Good morning! Here’s what you need to know in markets on Tuesday.
1. Theresa May has signed a £1.5 billion deal with Northern Ireland’s Democratic Unionist Party in order to prop up her minority Conservative government, the BBC reports. The deal, which comes two weeks after the election resulted in a hung Parliament, will see the 10 DUP MPs back the Tories in key Commons votes.
2. The threat of a global trade war was growing last night after the European Union promised to retaliate if the Continent’s producers became “collateral damage” in measures to protect the American steel industry by classifying it as a matter of national security, the Times reports.
3. New data show consumer confidence has slumped in the wake of the UK’s hung parliament, and is only marginally higher than it was in the immediate aftermath of the UK’s vote to leave the European Union. The latest Consumer Confidence Index results show consumer confidence fell from 109.1 in the week before the election to 105.2 in the week afterwards.
4. The price of gold tumbled yesterday after a huge spike in New York futures volumes that traders attributed to an inadvertent “fat-finger” order, the Times reports. The sale of 18,500 lots of gold, totalling 1.85 million ounces, in only a minute sent the price falling by as much as 1.6% to $US1,236.43 an ounce, the lowest since the middle of last month.
5. The sale of the Co-operative Bank has been scrapped as bailout talks with the troubled lender’s backers intensify, the Times reports. The hedge funds that own 80% of the bank are in talks with the Co-operative Group, the minority shareholder, over splitting the Co-op Group’s pension scheme, which had proved an obstacle for the bank’s sale.
6. Japan’s Nikkei share average edged up to hover near two-year highs on Tuesday morning as a weaker yen helped exporters rise, while financial stocks rebounded from Monday’s declines, Reuters reports. The Nikkei gained 0.4% to 20,233.23 in midmorning trade after hitting as high as 20,250.10 earlier. MSCI’s broadest index of Asia-Pacific shares outside Japan stood flat.
7. Crude oil futures were largely unchanged in early Asian trade on Tuesday as the market took a breather following three days of gains with a supply glut keeping a lid on prices, Reuters reports. U.S. West Texas Intermediate (WTI) crude futures were down 2 cents at $US43.36 per barrel by 1.19 a.m. BST (8.19 p.m. Monday ET) and Brent crude futures were flat at $US45.83 per barrel.
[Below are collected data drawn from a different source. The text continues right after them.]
(* Let $k\ge2$. For every nonzero $\xi\in\mathbb{R}^4$ the sequence $0\leftarrow\mathbb{C}^{k+1}\xleftarrow{D_0^{(k)}(\xi)^t}\mathbb{C}^{2k}\xleftarrow{D_1^{(k)}(\xi)^t}\mathbb{C}^{k-1}\leftarrow0$ is exact.
   Context: Put $a=\frac1i(\xi_0-i\xi_1)$, $\bar a'=\frac1i(\xi_0+i\xi_1)$, $b=\frac1i(\xi_2-i\xi_3)$, $\bar b'=\frac1i(\xi_2+i\xi_3)$. $D_0^{(k)}(\xi)$ is the $(2k)\times(k+1)$ matrix whose rows $2j$, $2j+1$ ($j=0,\dots,k-1$, rows/columns indexed from $0$) are: row $2j$ has entry $-\bar b'$ in column $j$ and $-\bar a'$ in column $j+1$; row $2j+1$ has entry $a$ in column $j$ and $-b$ in column $j+1$; all other entries $0$. $D_1^{(k)}(\xi)$ is the $(k-1)\times(2k)$ matrix whose row $j$ ($j=0,\dots,k-2$) has entries $-a,-\bar b',b,-\bar a'$ in columns $2j,2j+1,2j+2,2j+3$ and zeros elsewhere. (These are the symbols of the $k$-Cauchy–Fueter operators, obtained by replacing $\partial_{x_l}$ by $\frac1i\xi_l$.) $t$ denotes transpose; exactness means $D_0^{(k)}(\xi)^t$ is surjective, $D_1^{(k)}(\xi)^t$ injective, and $\operatorname{Im}D_1^{(k)}(\xi)^t=\ker D_0^{(k)}(\xi)^t$. *)

theory Defs
  imports Complex_Main "Jordan_Normal_Form.Matrix"
begin

definition sym_a :: "real vec \<Rightarrow> complex" where
  "sym_a xi = (1 / \<i>) * (complex_of_real (xi $ 0) - \<i> * complex_of_real (xi $ 1))"
definition sym_a' :: "real vec \<Rightarrow> complex" where
  "sym_a' xi = (1 / \<i>) * (complex_of_real (xi $ 0) + \<i> * complex_of_real (xi $ 1))"
definition sym_b :: "real vec \<Rightarrow> complex" where
  "sym_b xi = (1 / \<i>) * (complex_of_real (xi $ 2) - \<i> * complex_of_real (xi $ 3))"
definition sym_b' :: "real vec \<Rightarrow> complex" where
  "sym_b' xi = (1 / \<i>) * (complex_of_real (xi $ 2) + \<i> * complex_of_real (xi $ 3))"

definition D0 :: "nat \<Rightarrow> real vec \<Rightarrow> complex mat" where
  "D0 k xi = mat (2 * k) (k + 1) (\<lambda>(r, c).
     let j = r div 2 in
     if even r then
       (if c = j then - sym_b' xi else if c = j + 1 then - sym_a' xi else 0)
     else
       (if c = j then sym_a xi else if c = j + 1 then - sym_b xi else 0))"

definition D1 :: "nat \<Rightarrow> real vec \<Rightarrow> complex mat" where
  "D1 k xi = mat (k - 1) (2 * k) (\<lambda>(j, c).
     if c = 2 * j then - sym_a xi
     else if c = 2 * j + 1 then - sym_b' xi
     else if c = 2 * j + 2 then sym_b xi
     else if c = 2 * j + 3 then - sym_a' xi
     else 0)"

end

theory Submission
  imports Defs
begin

text \<open>Read \<open>x \<in> F^(2k)\<close> as \<open>k\<close> pairs \<open>(u_m, v_m) = (x_(2m), x_(2m+1))\<close> and map each pair to
  \<open>(p_m, q_m) = (a v_m - b' u_m, -(a' u_m + b v_m))\<close>. This block has determinant
  \<open>N = a a' + b b'\<close>, which for the symbol of \<open>\<xi>\<close> equals \<open>-|\<xi>|^2 \<noteq> 0\<close>. In the coordinates
  \<open>(p, q)\<close> the map \<open>D_0^t\<close> becomes the shift \<open>(p_0, p_1 + q_0, ..., p_(k-1) + q_(k-2), q_(k-1))\<close>,
  and \<open>D_1^t z\<close> has coordinates \<open>p_m = -N z_(m-1)\<close>, \<open>q_m = N z_m\<close>; exactness of this shift
  complex is elementary.\<close>

lemma sum_even_odd_pairs:
  "(\<Sum>r = 0..<2 * (n::nat). f r) = (\<Sum>j = 0..<n. f (2 * j) + f (2 * j + 1))"
  by (induction n) (auto simp: numeral_2_eq_2 add.assoc)

context
  fixes a a' b b' :: "'a::field"
begin

definition fueter_mat0 :: "nat \<Rightarrow> 'a mat" where
  "fueter_mat0 k = mat (2 * k) (k + 1) (\<lambda>(r, c).
     let j = r div 2 in
     if even r then (if c = j then - b' else if c = j + 1 then - a' else 0)
     else (if c = j then a else if c = j + 1 then - b else 0))"

definition fueter_mat1 :: "nat \<Rightarrow> 'a mat" where
  "fueter_mat1 k = mat (k - 1) (2 * k) (\<lambda>(j, c).
     if c = 2 * j then - a
     else if c = 2 * j + 1 then - b'
     else if c = 2 * j + 2 then b
     else if c = 2 * j + 3 then - a'
     else 0)"

definition pair_p :: "'a vec \<Rightarrow> nat \<Rightarrow> 'a" where
  "pair_p x m = a * x $ (2 * m + 1) - b' * x $ (2 * m)"

definition pair_q :: "'a vec \<Rightarrow> nat \<Rightarrow> 'a" where
  "pair_q x m = - (a' * x $ (2 * m) + b * x $ (2 * m + 1))"

lemma fueter_mat0_transpose_mult_vec_nth:
  assumes "x \<in> carrier_vec (2 * k)" "c < k + 1"
  shows "(transpose_mat (fueter_mat0 k) *\<^sub>v x) $ c =
    (if c < k then pair_p x c else 0) + (if 0 < c then pair_q x (c - 1) else 0)"
proof -
  have "(transpose_mat (fueter_mat0 k) *\<^sub>v x) $ c
      = (\<Sum>r = 0..<2 * k. fueter_mat0 k $$ (r, c) * x $ r)"
    using assms by (simp add: fueter_mat0_def scalar_prod_def)
  also have "\<dots> = (\<Sum>j = 0..<k.
      fueter_mat0 k $$ (2 * j, c) * x $ (2 * j)
      + fueter_mat0 k $$ (2 * j + 1, c) * x $ (2 * j + 1))"
    by (rule sum_even_odd_pairs)
  also have "\<dots> = (\<Sum>j = 0..<k. (if j = c then pair_p x c else 0)
      + (if j = c - 1 \<and> 0 < c then pair_q x (c - 1) else 0))"
    using assms(2)
    by (intro sum.cong) (auto simp: fueter_mat0_def pair_p_def pair_q_def algebra_simps)
  also have "\<dots> = (if c < k then pair_p x c else 0) + (if 0 < c then pair_q x (c - 1) else 0)"
    using assms(2) by (auto simp: sum.distrib)
  finally show ?thesis .
qed

lemma fueter_mat1_transpose_mult_vec_nth:
  assumes "z \<in> carrier_vec (k - 1)" "m < k"
  shows "(transpose_mat (fueter_mat1 k) *\<^sub>v z) $ (2 * m) =
      b * (if 0 < m then z $ (m - 1) else 0) - a * (if m < k - 1 then z $ m else 0)"
    and "(transpose_mat (fueter_mat1 k) *\<^sub>v z) $ (2 * m + 1) =
      - (a' * (if 0 < m then z $ (m - 1) else 0) + b' * (if m < k - 1 then z $ m else 0))"
proof -
  have row: "(transpose_mat (fueter_mat1 k) *\<^sub>v z) $ r
      = (\<Sum>j = 0..<k - 1. fueter_mat1 k $$ (j, r) * z $ j)" if "r < 2 * k" for r
    using assms that by (simp add: fueter_mat1_def scalar_prod_def)
  have "(\<Sum>j = 0..<k - 1. fueter_mat1 k $$ (j, 2 * m) * z $ j)
      = (\<Sum>j = 0..<k - 1. (if j = m - 1 \<and> 0 < m then b * z $ (m - 1) else 0)
          - (if j = m then a * z $ m else 0))"
    using assms(2)
    by (intro sum.cong) (auto simp: fueter_mat1_def dest: arg_cong[where f = even])
  then show "(transpose_mat (fueter_mat1 k) *\<^sub>v z) $ (2 * m) =
      b * (if 0 < m then z $ (m - 1) else 0) - a * (if m < k - 1 then z $ m else 0)"
    using assms(2) by (auto simp: row sum_subtractf)
  have "(\<Sum>j = 0..<k - 1. fueter_mat1 k $$ (j, 2 * m + 1) * z $ j)
      = (\<Sum>j = 0..<k - 1. - (if j = m - 1 \<and> 0 < m then a' * z $ (m - 1) else 0)
          - (if j = m then b' * z $ m else 0))"
    using assms(2)
    by (intro sum.cong) (auto simp: fueter_mat1_def dest: arg_cong[where f = even])
  with row[of "2 * m + 1"] assms(2)
  show "(transpose_mat (fueter_mat1 k) *\<^sub>v z) $ (2 * m + 1) =
      - (a' * (if 0 < m then z $ (m - 1) else 0) + b' * (if m < k - 1 then z $ m else 0))"
    by (auto simp: sum_subtractf sum_negf)
qed

lemma pair_p_q_recover:
  "(a * a' + b * b') * x $ (2 * m) = - (b * pair_p x m + a * pair_q x m)"
  "(a * a' + b * b') * x $ (2 * m + 1) = a' * pair_p x m - b' * pair_q x m"
  by (simp_all add: pair_p_def pair_q_def algebra_simps)

lemma eq_vec_if_pair_p_q_eq:
  assumes "a * a' + b * b' \<noteq> 0" "x \<in> carrier_vec (2 * k)" "x' \<in> carrier_vec (2 * k)"
    and "\<And>m. m < k \<Longrightarrow> pair_p x m = pair_p x' m \<and> pair_q x m = pair_q x' m"
  shows "x = x'"
proof (rule eq_vecI)
  fix r assume "r < dim_vec x'"
  then have "r div 2 < k" using assms(3) by auto
  with assms(4) pair_p_q_recover
  have "(a * a' + b * b') * x $ (2 * (r div 2)) = (a * a' + b * b') * x' $ (2 * (r div 2))"
    and "(a * a' + b * b') * x $ (2 * (r div 2) + 1)
      = (a * a' + b * b') * x' $ (2 * (r div 2) + 1)"
    by metis+
  with assms(1) show "x $ r = x' $ r"
    by (cases "even r") simp_all
qed (use assms in auto)

lemma exists_vec_pair_p_q:
  assumes "a * a' + b * b' \<noteq> 0"
  obtains x where "x \<in> carrier_vec (2 * k)"
    and "\<And>m. m < k \<Longrightarrow> pair_p x m = p m" "\<And>m. m < k \<Longrightarrow> pair_q x m = q m"
proof
  let ?c = "inverse (a * a' + b * b')"
  let ?x = "vec (2 * k) (\<lambda>r. if even r then - ?c * (b * p (r div 2) + a * q (r div 2))
                             else ?c * (a' * p (r div 2) - b' * q (r div 2)))"
  show "?x \<in> carrier_vec (2 * k)" by simp
  fix m assume "m < k"
  then have "pair_p ?x m = ?c * (a * a' + b * b') * p m"
    and "pair_q ?x m = ?c * (a * a' + b * b') * q m"
    by (simp_all add: pair_p_def pair_q_def algebra_simps)
  with assms show "pair_p ?x m = p m" "pair_q ?x m = q m" by simp_all
qed

lemma pair_p_q_fueter_mat1_transpose:
  assumes "z \<in> carrier_vec (k - 1)" "m < k"
  shows "pair_p (transpose_mat (fueter_mat1 k) *\<^sub>v z) m
           = - ((a * a' + b * b') * (if 0 < m then z $ (m - 1) else 0))"
    and "pair_q (transpose_mat (fueter_mat1 k) *\<^sub>v z) m
           = (a * a' + b * b') * (if m < k - 1 then z $ m else 0)"
proof -
  have p: "a * (- (a' * u + b' * v)) - b' * (b * u - a * v) = - ((a * a' + b * b') * u)"
    and q: "- (a' * (b * u - a * v) + b * (- (a' * u + b' * v))) = (a * a' + b * b') * v"
    for u v :: 'a
    by (simp_all add: algebra_simps)
  show "pair_p (transpose_mat (fueter_mat1 k) *\<^sub>v z) m
      = - ((a * a' + b * b') * (if 0 < m then z $ (m - 1) else 0))"
    unfolding pair_p_def fueter_mat1_transpose_mult_vec_nth[OF assms] by (rule p)
  show "pair_q (transpose_mat (fueter_mat1 k) *\<^sub>v z) m
      = (a * a' + b * b') * (if m < k - 1 then z $ m else 0)"
    unfolding pair_q_def fueter_mat1_transpose_mult_vec_nth[OF assms] by (rule q)
qed

lemma fueter_mat1_transpose_carrier:
  "transpose_mat (fueter_mat1 k) *\<^sub>v z \<in> carrier_vec (2 * k)"
  by (rule carrier_vecI) (simp add: fueter_mat1_def)

lemma fueter_mat0_transpose_surj:
  assumes "a * a' + b * b' \<noteq> 0" "0 < k" "y \<in> carrier_vec (k + 1)"
  shows "\<exists>x \<in> carrier_vec (2 * k). transpose_mat (fueter_mat0 k) *\<^sub>v x = y"
proof -
  obtain x where x: "x \<in> carrier_vec (2 * k)" "\<And>m. m < k \<Longrightarrow> pair_p x m = y $ m"
    "\<And>m. m < k \<Longrightarrow> pair_q x m = (if m = k - 1 then y $ k else 0)"
    using exists_vec_pair_p_q[OF assms(1), where k = k and p = "\<lambda>m. y $ m"
        and q = "\<lambda>m. if m = k - 1 then y $ k else 0"] by blast
  have "transpose_mat (fueter_mat0 k) *\<^sub>v x = y"
  proof (rule eq_vecI)
    fix c assume "c < dim_vec y"
    with assms(2,3) x show "(transpose_mat (fueter_mat0 k) *\<^sub>v x) $ c = y $ c"
      by (cases "c = k") (auto simp: fueter_mat0_transpose_mult_vec_nth)
  qed (use assms(3) in \<open>simp add: fueter_mat0_def\<close>)
  with x(1) show ?thesis by blast
qed

lemma fueter_mat1_transpose_inj:
  assumes "a * a' + b * b' \<noteq> 0" "z \<in> carrier_vec (k - 1)"
    and "transpose_mat (fueter_mat1 k) *\<^sub>v z = 0\<^sub>v (2 * k)"
  shows "z = 0\<^sub>v (k - 1)"
proof (rule eq_vecI)
  fix j assume "j < dim_vec (0\<^sub>v (k - 1) :: 'a vec)"
  then have "j < k - 1" by simp
  moreover have "pair_q (transpose_mat (fueter_mat1 k) *\<^sub>v z) j = 0"
    using \<open>j < k - 1\<close> by (simp add: assms(3) pair_q_def)
  ultimately show "z $ j = 0\<^sub>v (k - 1) $ j"
    using assms(1) pair_p_q_fueter_mat1_transpose(2)[OF assms(2), of j] by simp
qed (use assms(2) in simp)

lemma fueter_mat0_transpose_mult_fueter_mat1_transpose:
  assumes "z \<in> carrier_vec (k - 1)"
  shows "transpose_mat (fueter_mat0 k) *\<^sub>v (transpose_mat (fueter_mat1 k) *\<^sub>v z) = 0\<^sub>v (k + 1)"
proof (rule eq_vecI)
  fix c assume "c < dim_vec (0\<^sub>v (k + 1) :: 'a vec)"
  then show "(transpose_mat (fueter_mat0 k) *\<^sub>v (transpose_mat (fueter_mat1 k) *\<^sub>v z)) $ c
      = 0\<^sub>v (k + 1) $ c"
    by (auto simp: fueter_mat0_transpose_mult_vec_nth[OF fueter_mat1_transpose_carrier]
        pair_p_q_fueter_mat1_transpose[OF assms])
qed (simp add: fueter_mat0_def)

lemma fueter_mat0_transpose_kernel_subset_image:
  assumes "a * a' + b * b' \<noteq> 0" "x \<in> carrier_vec (2 * k)"
    and "transpose_mat (fueter_mat0 k) *\<^sub>v x = 0\<^sub>v (k + 1)"
  shows "\<exists>z \<in> carrier_vec (k - 1). transpose_mat (fueter_mat1 k) *\<^sub>v z = x"
proof
  let ?z = "vec (k - 1) (\<lambda>m. pair_q x m / (a * a' + b * b'))"
  have kernel: "(if c < k then pair_p x c else 0) + (if 0 < c then pair_q x (c - 1) else 0) = 0"
    if "c < k + 1" for c
    using fueter_mat0_transpose_mult_vec_nth[OF assms(2) that] assms(3) that by simp
  show "?z \<in> carrier_vec (k - 1)" by simp
  show "transpose_mat (fueter_mat1 k) *\<^sub>v ?z = x"
  proof (rule eq_vec_if_pair_p_q_eq[OF assms(1) fueter_mat1_transpose_carrier assms(2)])
    fix m assume "m < k"
    have "pair_p x m = - (if 0 < m then pair_q x (m - 1) else 0)"
      using kernel[of m] \<open>m < k\<close> by (simp add: eq_neg_iff_add_eq_0)
    moreover have "pair_q x m = 0" if "\<not> m < k - 1"
    proof -
      from that \<open>m < k\<close> have "m = k - 1" by simp
      with kernel[of k] \<open>m < k\<close> show ?thesis by simp
    qed
    ultimately show "pair_p (transpose_mat (fueter_mat1 k) *\<^sub>v ?z) m = pair_p x m
        \<and> pair_q (transpose_mat (fueter_mat1 k) *\<^sub>v ?z) m = pair_q x m"
      using \<open>m < k\<close> assms(1)
      by (cases "m < k - 1") (auto simp: pair_p_q_fueter_mat1_transpose)
  qed
qed

end

lemma D0_eq_fueter_mat0: "D0 k xi = fueter_mat0 (sym_a xi) (sym_a' xi) (sym_b xi) (sym_b' xi) k"
  by (simp add: D0_def fueter_mat0_def)

lemma D1_eq_fueter_mat1: "D1 k xi = fueter_mat1 (sym_a xi) (sym_a' xi) (sym_b xi) (sym_b' xi) k"
  by (simp add: D1_def fueter_mat1_def)

lemma sym_a_sym_a'_plus_sym_b_sym_b':
  "sym_a xi * sym_a' xi + sym_b xi * sym_b' xi = - of_real (\<Sum>j<4. (xi $ j)\<^sup>2)"
  by (simp add: sym_a_def sym_a'_def sym_b_def sym_b'_def numeral_eq_Suc field_simps
      power2_eq_square)

lemma sym_nondegenerate:
  assumes "xi \<in> carrier_vec 4" "xi \<noteq> 0\<^sub>v 4"
  shows "sym_a xi * sym_a' xi + sym_b xi * sym_b' xi \<noteq> 0"
proof -
  have "xi \<noteq> 0\<^sub>v 4 \<Longrightarrow> \<exists>i < 4. xi $ i \<noteq> 0"
    using assms(1) by (metis carrier_vecD eq_vecI index_zero_vec(1,2))
  with assms(2) obtain i where "i < 4" "xi $ i \<noteq> 0" by blast
  then have "0 < (\<Sum>j<4. (xi $ j)\<^sup>2)"
    by (intro sum_pos2[where i = i]) auto
  then show ?thesis
    unfolding sym_a_sym_a'_plus_sym_b_sym_b' by (simp del: of_real_sum)
qed

theorem lemma4p1:
  fixes k :: nat and xi :: "real vec"
  assumes "k \<ge> 2"
    and "xi \<in> carrier_vec 4" and "xi \<noteq> 0\<^sub>v 4"
  shows "(\<forall>y \<in> carrier_vec (k + 1). \<exists>x \<in> carrier_vec (2 * k).
            transpose_mat (D0 k xi) *\<^sub>v x = y)
       \<and> (\<forall>z \<in> carrier_vec (k - 1).
            transpose_mat (D1 k xi) *\<^sub>v z = 0\<^sub>v (2 * k) \<longrightarrow> z = 0\<^sub>v (k - 1))
       \<and> {transpose_mat (D1 k xi) *\<^sub>v z | z. z \<in> carrier_vec (k - 1)}
         = {x \<in> carrier_vec (2 * k). transpose_mat (D0 k xi) *\<^sub>v x = 0\<^sub>v (k + 1)}"
proof -
  have nondeg: "sym_a xi * sym_a' xi + sym_b xi * sym_b' xi \<noteq> 0"
    using assms(2,3) by (rule sym_nondegenerate)
  have "0 < k" using assms(1) by simp
  show ?thesis
    unfolding D0_eq_fueter_mat0 D1_eq_fueter_mat1
    using fueter_mat0_transpose_surj[OF nondeg \<open>0 < k\<close>] fueter_mat1_transpose_inj[OF nondeg]
      fueter_mat0_transpose_kernel_subset_image[OF nondeg]
      fueter_mat0_transpose_mult_fueter_mat1_transpose fueter_mat1_transpose_carrier
    by blast
qed

end
(* Let $n\in\mathbb N$, let $K_1,\dots,K_n$ be singular kernel functions and let $J$ be an arbitrary $n$-field function. Let $j\in\{0,1,\dots,n\}$. For every $q>0$ and every $\mathbf y\in\overline S$ with $m_j(\mathbf y)\ne-\infty$ there exist $\eta>0$ and a set $Z\subseteq I_j(\mathbf y)$ such that for every $\mathbf x\in\overline S$ with $\|\mathbf x-\mathbf y\|\le\eta$: (i) $Z\subseteq I_j(\mathbf x)$, and every point of $Z$ has distance at least $\eta$ from $\{x_1,\dots,x_n\}$; (ii) $m_j(\mathbf x)=\sup_{t\in Z}F(\mathbf x,t)$; (iii) $F(\mathbf x,t)\ge m_j(\mathbf x)-q>-\infty$ for every $t\in Z$.
   Context: A kernel function is a function $K:(-1,0)\cup(0,1)\to\mathbb R$ that is concave on $(-1,0)$ and concave on $(0,1)$ and satisfies $\lim_{t\downarrow0}K(t)=\lim_{t\uparrow0}K(t)$. It is extended to $[-1,1]$ with values in $[-\infty,\infty)$ by its one-sided limits at $-1,0,1$. A kernel function is singular if $K(0)=-\infty$. An $n$-field function is a function $J:[0,1]\to[-\infty,\infty)$ that is bounded above and whose set of finite values has total weight strictly greater than $n$. Here the points $0$ and $1$ each have weight $1/2$ and every point of $(0,1)$ has weight $1$. $\overline S=\{\mathbf y\in\mathbb R^n:0\le y_1\le\dots\le y_n\le1\}$. $F(\mathbf y,t)=J(t)+\sum_{i=1}^nK_i(t-y_i)$, with the convention $a+(-\infty)=-\infty$. Set $y_0:=0$ and $y_{n+1}:=1$. For $j=0,\dots,n$ let $I_j(\mathbf y)=[y_j,y_{j+1}]$ and $m_j(\mathbf y)=\sup_{t\in I_j(\mathbf y)}F(\mathbf y,t)$. $\|\mathbf v\|=\max_i|v_i|$. *)

theory Defs
  imports "HOL-Analysis.Analysis"
begin
lemma card_wrap_succession:
  assumes "2 \<le> k"
  shows "card {ys \<in> arrangements k. k \<in> cyc_successions k ys \<and> Q (cyc_successions k ys - {k})}
       = card {zs \<in> arrangements (k - 1). Q (cyc_successions (k - 1) zs)}"
proof -
  obtain m where k: "k = Suc m" and m: "1 \<le> m" using assms by (cases k) auto
  let ?A = "{ys \<in> arrangements k. k \<in> cyc_successions k ys \<and> Q (cyc_successions k ys - {k})}"
  let ?B = "{zs \<in> arrangements (k - 1). Q (cyc_successions (k - 1) zs)}"
  have remove: "remove1 k ys \<in> ?B \<and> insert_before k 1 (remove1 k ys) = ys" if ys: "ys \<in> ?A" for ys
  proof -
    obtain t where t: "Suc t < length ys" "ys ! t = k" "ys ! Suc t = 1"
      using ys by (auto simp: mem_successions_iff cyc_succ_def)
    then obtain as cs where ys_eq: "ys = as @ k # 1 # cs"
      by (metis Cons_nth_drop_Suc Suc_lessD append_take_drop_id)
    have arr: "as @ 1 # cs \<in> arrangements m"
      using ys ys_eq k insert_max_arrangement_iff[of as m "1 # cs"] by simp
    then have "1 \<notin> set as" "k \<notin> set (as @ 1 # cs)" using k by (auto simp: mem_arrangements_iff)
    then show ?thesis
      using ys ys_eq arr k cyc_successions_remove_wrap[OF arr]
      by (simp add: remove1_append insert_before_append)
  qed
  have insert: "insert_before k 1 zs \<in> ?A \<and> remove1 k (insert_before k 1 zs) = zs" if zs: "zs \<in> ?B" for zs
  proof -
    have "1 \<in> set zs" using zs k m by (auto simp: mem_arrangements_iff)
    then obtain as cs where zs_eq: "zs = as @ 1 # cs" and "1 \<notin> set as"
      by (metis split_list_first)
    have arr: "as @ 1 # cs \<in> arrangements m" using zs zs_eq k by simp
    then have "k \<notin> set (as @ 1 # cs)" using k by (auto simp: mem_arrangements_iff)
    moreover have "k \<in> cyc_successions k (as @ k # 1 # cs)"
      by (simp add: successions_append successions_Cons cyc_succ_def)
    ultimately show ?thesis
      using zs zs_eq arr k cyc_successions_remove_wrap[OF arr] insert_max_arrangement_iff[of as m "1 # cs"]
        \<open>1 \<notin> set as\<close> by (simp add: remove1_append insert_before_append)
  qed
  have "bij_betw (remove1 k) ?A ?B"
    by (rule bij_betw_byWitness[where f' = "insert_before k 1"]) (use remove insert in blast)+
  then show ?thesis by (rule bij_betw_same_card)
qed

lemma cyc_successions_rotate:
  assumes "xs \<in> arrangements n"
  shows "cyc_successions n (map (cyc_succ n) xs) = cyc_succ n ` cyc_successions n xs"
proof (rule successions_map, intro ballI)
  fix x y assume "x \<in> set xs" "y \<in> set xs"
  then have "y \<in> {1..n}" "cyc_succ n x \<in> {1..n}"
    using assms cyc_succ_in_range by (auto simp: mem_arrangements_iff)
  then show "cyc_succ n y = cyc_succ n (cyc_succ n x) \<longleftrightarrow> y = cyc_succ n x"
    by (rule inj_on_eq_iff[OF inj_on_cyc_succ])
qed

lemma card_singleton_rotate:
  assumes "u \<in> {1..n}"
  shows "card {xs \<in> arrangements n. cyc_successions n xs = {cyc_succ n u}}
       = card {xs \<in> arrangements n. cyc_successions n xs = {u}}"
proof -
  have "cyc_successions n (map (cyc_succ n) xs) = {cyc_succ n u} \<longleftrightarrow> cyc_successions n xs = {u}"
    if xs: "xs \<in> arrangements n" for xs
  proof -
    have "cyc_successions n xs \<subseteq> {1..n}" by (rule successions_arrangement_subset[OF xs])
    then have "cyc_succ n ` cyc_successions n xs = cyc_succ n ` {u} \<longleftrightarrow> cyc_successions n xs = {u}"
      using assms by (intro inj_on_image_eq_iff[OF inj_on_cyc_succ]) auto
    then show ?thesis by (simp add: cyc_successions_rotate[OF xs])
  qed
  then have "bij_betw (map (cyc_succ n))
      {xs \<in> arrangements n. cyc_successions n xs = {u}}
      {xs \<in> arrangements n. cyc_successions n xs = {cyc_succ n u}}"
    by (intro bij_betw_Collect bij_betw_map_arrangements bij_betw_cyc_succ)
  then show ?thesis by (simp add: bij_betw_same_card)
qed

lemma card_singleton_successions:
  assumes "2 \<le> k" "u \<in> {1..k}"
  shows "card {ys \<in> arrangements k. cyc_successions k ys = {u}} = card (succ_free (k - 1))"
proof -
  have "card {ys \<in> arrangements k. cyc_successions k ys = {u}}
      = card {ys \<in> arrangements k. cyc_successions k ys = {k}}"
  proof -
    have "u \<le> k" "1 \<le> u" using assms(2) by auto
    then show ?thesis
    proof (induction u rule: inc_induct)
      case (step u)
      then have "cyc_succ k u = Suc u" by (simp add: cyc_succ_def)
      then show ?case using step card_singleton_rotate[of u k] by simp
    qed simp
  qed
  also have "\<dots> = card {ys \<in> arrangements k. k \<in> cyc_successions k ys \<and> cyc_successions k ys - {k} = {}}"
    by (intro arg_cong[where f = card]) blast
  also have "\<dots> = card (succ_free (k - 1))"
    using card_wrap_succession[OF assms(1), of "\<lambda>S. S = {}"] by (simp add: succ_free_def)
  finally show ?thesis .
qed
8. The euro retraced its Monday gains after ECB’s Draghi defended the central bank’s easy monetary policy, Reuters reports. Draghi said on Monday that super low rates create jobs, foster growth and benefit borrowers, ultimately easing inequality. He also rejected calls to exit super easy monetary policy quickly, arguing that premature tightening would lead to a fresh recession and more inequality.
9. Cryptocurrency Bitcoin had a rough start to the week It’s a rough start to the week for bitcoin. The cryptocurrency trades down 10.11% on Monday, at $US2,275 a coin, a one-week low. The action seems to be a continuation of the selling that developed on Wednesday, when rival Ethereum flash-crashed from $US296 to 10 cents before recovering its losses.
10. Bank of England governor Mark Carney delivers the central bank’s twice-yearly Financial Stability Report today. It covers an assessment of the strengths and weaknesses of the financial system and the risks to stability, and the Financial Policy Committee’s view on the outlook for the stability of the UK financial system.